** Opening Exercise inputs block **

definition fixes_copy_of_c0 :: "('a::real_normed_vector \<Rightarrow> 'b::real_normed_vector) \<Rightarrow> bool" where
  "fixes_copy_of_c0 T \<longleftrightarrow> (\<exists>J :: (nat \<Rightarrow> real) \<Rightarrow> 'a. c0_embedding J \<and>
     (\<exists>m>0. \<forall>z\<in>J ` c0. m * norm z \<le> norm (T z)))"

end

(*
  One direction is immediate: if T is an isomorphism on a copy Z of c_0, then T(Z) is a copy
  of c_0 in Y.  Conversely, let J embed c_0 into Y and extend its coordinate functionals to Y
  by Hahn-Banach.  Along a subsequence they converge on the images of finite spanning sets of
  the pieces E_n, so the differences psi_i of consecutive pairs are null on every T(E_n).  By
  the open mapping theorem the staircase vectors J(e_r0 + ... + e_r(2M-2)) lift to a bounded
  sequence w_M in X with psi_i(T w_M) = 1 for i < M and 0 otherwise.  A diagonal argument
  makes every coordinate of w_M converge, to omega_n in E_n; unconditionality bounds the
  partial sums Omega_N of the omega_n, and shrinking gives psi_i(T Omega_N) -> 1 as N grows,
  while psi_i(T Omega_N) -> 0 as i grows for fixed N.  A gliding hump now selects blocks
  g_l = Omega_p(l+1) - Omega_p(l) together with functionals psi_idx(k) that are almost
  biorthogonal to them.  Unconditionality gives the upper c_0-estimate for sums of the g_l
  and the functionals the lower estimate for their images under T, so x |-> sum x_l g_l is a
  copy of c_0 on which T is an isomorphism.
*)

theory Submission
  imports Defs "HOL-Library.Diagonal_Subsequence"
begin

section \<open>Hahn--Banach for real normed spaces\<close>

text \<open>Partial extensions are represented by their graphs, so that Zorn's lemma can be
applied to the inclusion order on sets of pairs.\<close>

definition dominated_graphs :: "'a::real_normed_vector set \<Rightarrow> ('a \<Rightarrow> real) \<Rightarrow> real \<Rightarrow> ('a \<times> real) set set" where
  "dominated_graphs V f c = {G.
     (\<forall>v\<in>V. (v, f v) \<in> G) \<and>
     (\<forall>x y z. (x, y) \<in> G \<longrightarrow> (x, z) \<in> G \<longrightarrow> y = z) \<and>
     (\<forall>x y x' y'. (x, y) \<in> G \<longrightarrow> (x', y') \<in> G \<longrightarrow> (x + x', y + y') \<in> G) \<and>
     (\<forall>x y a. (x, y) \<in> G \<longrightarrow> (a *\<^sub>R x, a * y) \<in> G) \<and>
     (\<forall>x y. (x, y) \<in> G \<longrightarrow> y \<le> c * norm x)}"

** Closing Exercise inputs block **

**Exercise goal:**
Going back to the entries above, set down exactly the lines that begin at the one with "the pieces E_n, so" and end at the one with "makes every coordinate", both included, and nothing else.

**Your response:**
  the pieces E_n, so the differences psi_i of consecutive pairs are null on every T(E_n).  By
  the open mapping theorem the staircase vectors J(e_r0 + ... + e_r(2M-2)) lift to a bounded
  sequence w_M in X with psi_i(T w_M) = 1 for i < M and 0 otherwise.  A diagonal argument
  makes every coordinate of w_M converge, to omega_n in E_n; unconditionality bounds the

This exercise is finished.